Шрифт:
Интервал:
Закладка:
* * *
Следующую ночь я провел в мотеле недалеко от границы Монтаны. Уставший и снедаемый сожалением о том, что поборол искушение задержаться в Солт-Лейк-Сити, я все же был благодарен Джейку за его бестолковое письмо. И еще сильнее благодарен Энни за ее внезапный аврал. Письмо плюс аврал, плюс паршивый вечер дали в результате один из самых лучших дней в моей жизни. Ехать целый день, слушать музыку, воображать встречу с лучшим другом и захлебываться красотой пейзажей — если кому-то это не кажется эквивалентом рая, я с таким человеком и разговаривать не стану. Какой идиот еще ищет лекарство от хронической усталости? Вот оно.

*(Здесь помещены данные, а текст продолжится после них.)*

(* Consider two words $ubav$ and $uabv$ with $a,b \in A$. Let $(x_\ell,y_\ell)$ denote the attribute of position $\ell$ in $ubav$, and let $(x'_\ell,y'_\ell)$ denote the attribute of position $\ell$ in $uabv$. Suppose that $|ub| = i$ and that the attributes $(x_i,y_i)$ and $(x_{i+1},y_{i+1})$ satisfy $x_i = x_{i+1}$. Then all positions $\ell$ satisfy $x'_\ell = x_\ell$.
   Context: $A$ is a finite alphabet. An $\mathsf{X}$-ranker is a nonempty word over $\{\mathsf{X}_a : a\in A\}$ ("go to the next $a$-position", starting with the first $a$-position) and a $\mathsf{Y}$-ranker a nonempty word over $\{\mathsf{Y}_a : a\in A\}$ ("go to the previous $a$-position", starting with the last $a$-position). The attribute of position $\ell$ of a word is $(x_\ell,y_\ell)$, where $x_\ell$ (resp. $y_\ell$) is the length of a shortest $\mathsf{X}$-ranker (resp. $\mathsf{Y}$-ranker) reaching $\ell$. *)

theory Defs
  imports Main
begin

text \<open>Words are lists; positions are 1-based: position q of w carries letter w ! (q-1).
  A ranker is a list of letters.  An X-ranker starts before the word (position 0),
  each X_a moves to the next a-position strictly to the right.  A Y-ranker starts after the
  word (position length w + 1), each Y_a moves to the previous a-position strictly to the left.\<close>

definition nextpos :: "'a list \<Rightarrow> 'a \<Rightarrow> nat \<Rightarrow> nat option" where
  "nextpos w a p =
     (if \<exists>q. p < q \<and> q \<le> length w \<and> w ! (q - 1) = a
      then Some (LEAST q. p < q \<and> q \<le> length w \<and> w ! (q - 1) = a) else None)"

definition prevpos :: "'a list \<Rightarrow> 'a \<Rightarrow> nat \<Rightarrow> nat option" where
  "prevpos w a p =
     (if \<exists>q. 1 \<le> q \<and> q < p \<and> q \<le> length w \<and> w ! (q - 1) = a
      then Some (GREATEST q. 1 \<le> q \<and> q < p \<and> q \<le> length w \<and> w ! (q - 1) = a) else None)"

fun xrun :: "'a list \<Rightarrow> 'a list \<Rightarrow> nat \<Rightarrow> nat option" where
  "xrun w [] p = Some p"
| "xrun w (c # r) p = (case nextpos w c p of None \<Rightarrow> None | Some q \<Rightarrow> xrun w r q)"

fun yrun :: "'a list \<Rightarrow> 'a list \<Rightarrow> nat \<Rightarrow> nat option" where
  "yrun w [] p = Some p"
| "yrun w (c # r) p = (case prevpos w c p of None \<Rightarrow> None | Some q \<Rightarrow> yrun w r q)"

definition xranker_pos :: "'a list \<Rightarrow> 'a list \<Rightarrow> nat option" where
  "xranker_pos w r = (if r = [] then None else xrun w r 0)"

definition yranker_pos :: "'a list \<Rightarrow> 'a list \<Rightarrow> nat option" where
  "yranker_pos w r = (if r = [] then None else yrun w r (length w + 1))"

definition xattr :: "'a list \<Rightarrow> nat \<Rightarrow> nat" where
  "xattr w l = (LEAST n. \<exists>r. length r = n \<and> xranker_pos w r = Some l)"

definition yattr :: "'a list \<Rightarrow> nat \<Rightarrow> nat" where
  "yattr w l = (LEAST n. \<exists>r. length r = n \<and> yranker_pos w r = Some l)"

definition attr :: "'a list \<Rightarrow> nat \<Rightarrow> nat \<times> nat" where
  "attr w l = (xattr w l, yattr w l)"

end

theory Submission
  imports Defs
begin

(* The X-attribute obeys x_0 = 0 and x_l = 1 + min x_p, the minimum over those p < l from which
   X_c, with c the letter at l, lands on l, i.e. c does not occur strictly between p and l.
   Compare ubav with uabv, where i = |ub|.  On u nothing changes.  The b now at i + 1 can use
   every predecessor of the old b at i, since a <> b.  The a now at i can use every predecessor
   of the old a at i + 1 except i itself, and the tie x_i = x_(i+1) says that i is not optimal.
   Beyond i + 1 every jump survives, a jump from i being replaced by one from i + 1, whose value
   is no larger by the tie.  So x' <= x everywhere by induction; the tie then carries over to
   uabv, and the symmetric argument gives x <= x'. *)

lemma Least_eq_iff:
  fixes P :: "'a::wellorder \<Rightarrow> bool"
  shows "(\<exists>x. P x) \<and> (LEAST x. P x) = l \<longleftrightarrow> P l \<and> (\<forall>x. P x \<longrightarrow> l \<le> x)"
  by (metis LeastI Least_equality Least_le)

lemma nextpos_eq_Some_iff:
  "nextpos w c p = Some l \<longleftrightarrow>
    p < l \<and> l \<le> length w \<and> w ! (l - 1) = c \<and> (\<forall>q. p < q \<and> q < l \<longrightarrow> w ! (q - 1) \<noteq> c)"
proof -
  let ?P = "\<lambda>q. p < q \<and> q \<le> length w \<and> w ! (q - 1) = c"
  have "nextpos w c p = Some l \<longleftrightarrow> (\<exists>q. ?P q) \<and> (LEAST q. ?P q) = l"
    by (simp add: nextpos_def)
  also have "\<dots> \<longleftrightarrow> ?P l \<and> (\<forall>q. ?P q \<longrightarrow> l \<le> q)"
    by (rule Least_eq_iff)
  also have "\<dots> \<longleftrightarrow>
      p < l \<and> l \<le> length w \<and> w ! (l - 1) = c \<and> (\<forall>q. p < q \<and> q < l \<longrightarrow> w ! (q - 1) \<noteq> c)"
    using not_le by fastforce
  finally show ?thesis .
qed

lemma nextpos_append:
  assumes "l \<le> length u"
  shows "nextpos (u @ v) c p = Some l \<longleftrightarrow> nextpos u c p = Some l"
proof -
  have "(u @ v) ! (q - 1) = u ! (q - 1)" if "0 < q" "q \<le> l" for q
  proof -
    have "q - 1 < length u" using that assms by simp
    then show ?thesis by (simp add: nth_append)
  qed
  then show ?thesis using assms by (auto simp: nextpos_eq_Some_iff)
qed

lemma xrun_Cons_eq_Some_iff:
  "xrun w (c # r) p = Some q \<longleftrightarrow> (\<exists>l. nextpos w c p = Some l \<and> xrun w r l = Some q)"
  by (simp split: option.split)

lemma xrun_append_single:
  "xrun w (r @ [c]) p = (case xrun w r p of None \<Rightarrow> None | Some q \<Rightarrow> nextpos w c q)"
  by (induction r arbitrary: p) (auto split: option.splits)

lemma xrun_Some_le: "xrun w r p = Some q \<Longrightarrow> p \<le> q"
proof (induction r arbitrary: p)
  case (Cons c r)
  then obtain l where l: "nextpos w c p = Some l" "xrun w r l = Some q"
    unfolding xrun_Cons_eq_Some_iff by blast
  have "p < l" using l(1) by (simp add: nextpos_eq_Some_iff)
  with Cons.IH[OF l(2)] show ?case by simp
qed simp

lemma xrun_append_Some_iff:
  "q \<le> length u \<Longrightarrow> xrun (u @ v) r p = Some q \<longleftrightarrow> xrun u r p = Some q"
proof (induction r arbitrary: p)
  case (Cons c r)
  have step: "nextpos (u @ v) c p = Some l \<and> xrun (u @ v) r l = Some q \<longleftrightarrow>
        nextpos u c p = Some l \<and> xrun u r l = Some q" for l
  proof (cases "l \<le> q")
    case True
    then have "l \<le> length u" using Cons.prems by simp
    then show ?thesis using Cons.IH[OF Cons.prems] nextpos_append[of l u v c p] by simp
  next
    case False
    then show ?thesis using xrun_Some_le[of u r l q] xrun_Some_le[of "u @ v" r l q] by blast
  qed
  then show ?case unfolding xrun_Cons_eq_Some_iff by (rule ex_cong1)
qed simp

lemma xrun_reaches: "l \<le> length w \<Longrightarrow> \<exists>r. xrun w r 0 = Some l"
proof (induction l)
  case (Suc l)
  then obtain r where "xrun w r 0 = Some l" by auto
  moreover have "nextpos w (w ! l) l = Some (Suc l)"
    using Suc.prems by (auto simp: nextpos_eq_Some_iff)
  ultimately have "xrun w (r @ [w ! l]) 0 = Some (Suc l)" by (simp add: xrun_append_single)
  then show ?case ..
qed (use xrun.simps(1) in blast)

(* Unlike xattr, the empty ranker is admitted, so that the start position 0 has distance 0. *)
definition xdist :: "'a list \<Rightarrow> nat \<Rightarrow> nat" where
  "xdist w l = (LEAST n. \<exists>r. length r = n \<and> xrun w r 0 = Some l)"

lemma xattr_eq_xdist: "0 < l \<Longrightarrow> xattr w l = xdist w l"
proof -
  assume "0 < l"
  then have "xranker_pos w r = Some l \<longleftrightarrow> xrun w r 0 = Some l" for r
    by (cases r) (auto simp: xranker_pos_def)
  then show ?thesis by (simp add: xattr_def xdist_def)
qed

lemma xdist_append:
  assumes "p \<le> length u"
  shows "xdist (u @ v) p = xdist u p"
  unfolding xdist_def by (simp only: xrun_append_Some_iff[OF assms])

lemma xdist_le_length: "xrun w r 0 = Some l \<Longrightarrow> xdist w l \<le> length r"
  unfolding xdist_def by (rule Least_le) blast

lemma xdist_attained:
  assumes "l \<le> length w"
  obtains r where "length r = xdist w l" "xrun w r 0 = Some l"
proof -
  obtain r where "xrun w r 0 = Some l" using xrun_reaches[OF assms] ..
  then have "\<exists>n r. length r = n \<and> xrun w r 0 = Some l" by blast
  from LeastI_ex[OF this] show ?thesis using that unfolding xdist_def by blast
qed

lemma xdist_nextpos_le:
  assumes "nextpos w c p = Some l"
  shows "xdist w l \<le> Suc (xdist w p)"
proof -
  have "p \<le> length w" using assms by (simp add: nextpos_eq_Some_iff)
  then obtain r where r: "length r = xdist w p" "xrun w r 0 = Some p" by (rule xdist_attained)
  then have "xrun w (r @ [c]) 0 = Some l" using assms by (simp add: xrun_append_single)
  from xdist_le_length[OF this] show ?thesis using r by simp
qed

lemma xdist_optimal_nextpos:
  assumes "0 < l" "l \<le> length w"
  obtains c p where "nextpos w c p = Some l" "xdist w l = Suc (xdist w p)"
proof -
  obtain r where r: "length r = xdist w l" "xrun w r 0 = Some l"
    using assms(2) by (rule xdist_attained)
  have "r \<noteq> []" using r assms(1) by auto
  then obtain r' c where rc: "r = r' @ [c]" by (metis rev_exhaust)
  with r(2) obtain p where p: "xrun w r' 0 = Some p" "nextpos w c p = Some l"
    by (auto simp: xrun_append_single split: option.splits)
  have "xdist w l \<le> Suc (xdist w p)" using p(2) by (rule xdist_nextpos_le)
  moreover have "xdist w p \<le> length r'" using p(1) by (rule xdist_le_length)
  ultimately show ?thesis using that p(2) r(1) rc by fastforce
qed

lemma xdist_le_by_simulation:
  assumes "0 < l" "l \<le> length w"
    and "\<And>c p. nextpos w c p = Some l \<Longrightarrow> xdist w l = Suc (xdist w p) \<Longrightarrow>
           \<exists>c' p'. nextpos w' c' p' = Some l' \<and> xdist w' p' \<le> xdist w p"
  shows "xdist w' l' \<le> xdist w l"
proof -
  obtain c p where p: "nextpos w c p = Some l" "xdist w l = Suc (xdist w p)"
    using assms(1,2) by (rule xdist_optimal_nextpos)
  then obtain c' p' where "nextpos w' c' p' = Some l'" "xdist w' p' \<le> xdist w p"
    using assms(3) by blast
  then show ?thesis using p(2) xdist_nextpos_le[of w' c' p' l'] by simp
qed

lemma nextpos_transfer:
  assumes "nextpos w c p = Some l" "p' < l'" "l' \<le> length w'" "w' ! (l' - 1) = c"
    and "\<And>q. p' < q \<Longrightarrow> q < l' \<Longrightarrow> \<exists>q'. p < q' \<and> q' < l \<and> w' ! (q - 1) = w ! (q' - 1)"
  shows "nextpos w' c p' = Some l'"
proof -
  have gap: "w ! (q - 1) \<noteq> c" if "p < q" "q < l" for q
    using assms(1) that by (simp add: nextpos_eq_Some_iff)
  have "w' ! (q - 1) \<noteq> c" if "p' < q" "q < l'" for q
  proof -
    from assms(5)[OF that] obtain q' where "p < q'" "q' < l" "w' ! (q - 1) = w ! (q' - 1)"
      by blast
    then show ?thesis using gap by simp
  qed
  then show ?thesis using assms(2-4) unfolding nextpos_eq_Some_iff by blast
qed

lemma nth_swap_adjacent:
  assumes "k \<noteq> length u" "k \<noteq> Suc (length u)"
  shows "(u @ a # b # v) ! k = (u @ b # a # v) ! k"
proof (cases "k < length u")
  case False
  with assms have "Suc (Suc (length u)) \<le> k" by simp
  then obtain j where "k = Suc (Suc (length u)) + j" using le_Suc_ex by blast
  then show ?thesis by (simp add: nth_append)
qed (simp add: nth_append)

lemma nextpos_swap_moved_left:
  assumes "nextpos (u @ [b, a] @ v) a p = Some (length u + 2)" "p \<le> length u"
  shows "nextpos (u @ [a, b] @ v) a p = Some (length u + 1)"
proof (rule nextpos_transfer[OF assms(1)])
  fix q assume "p < q" "q < length u + 1"
  then show "\<exists>q'. p < q' \<and> q' < length u + 2 \<and>
      (u @ [a, b] @ v) ! (q - 1) = (u @ [b, a] @ v) ! (q' - 1)"
    by (intro exI[of _ q]) (simp add: nth_swap_adjacent)
qed (use assms in \<open>auto simp: nth_append\<close>)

Единственной чайной ложкой дегтя в бочке меда было поначалу отсутствие телефонных звонков. Не в стиле Энни откладывать выяснение отношений. И еще пара знакомых могла бы позвонить до полудня, пригласить пообедать или на выставку — а я их огорошу… Но после короткой инспекции карманов и бардачка «Корвета» я огорошил самого себя: мобильника не было. Точно помню — положил его в холле на полку около входной двери, когда пришел домой. А когда выходил с сумкой… Задел ею за косяк, уронил ключи, потом проверил, не забыл ли Джейково послание. Ну, и решил, что мобильник уже в кармане! Сам туда прыгнул, увидев, что у хозяина в спешке ум за разум зашел.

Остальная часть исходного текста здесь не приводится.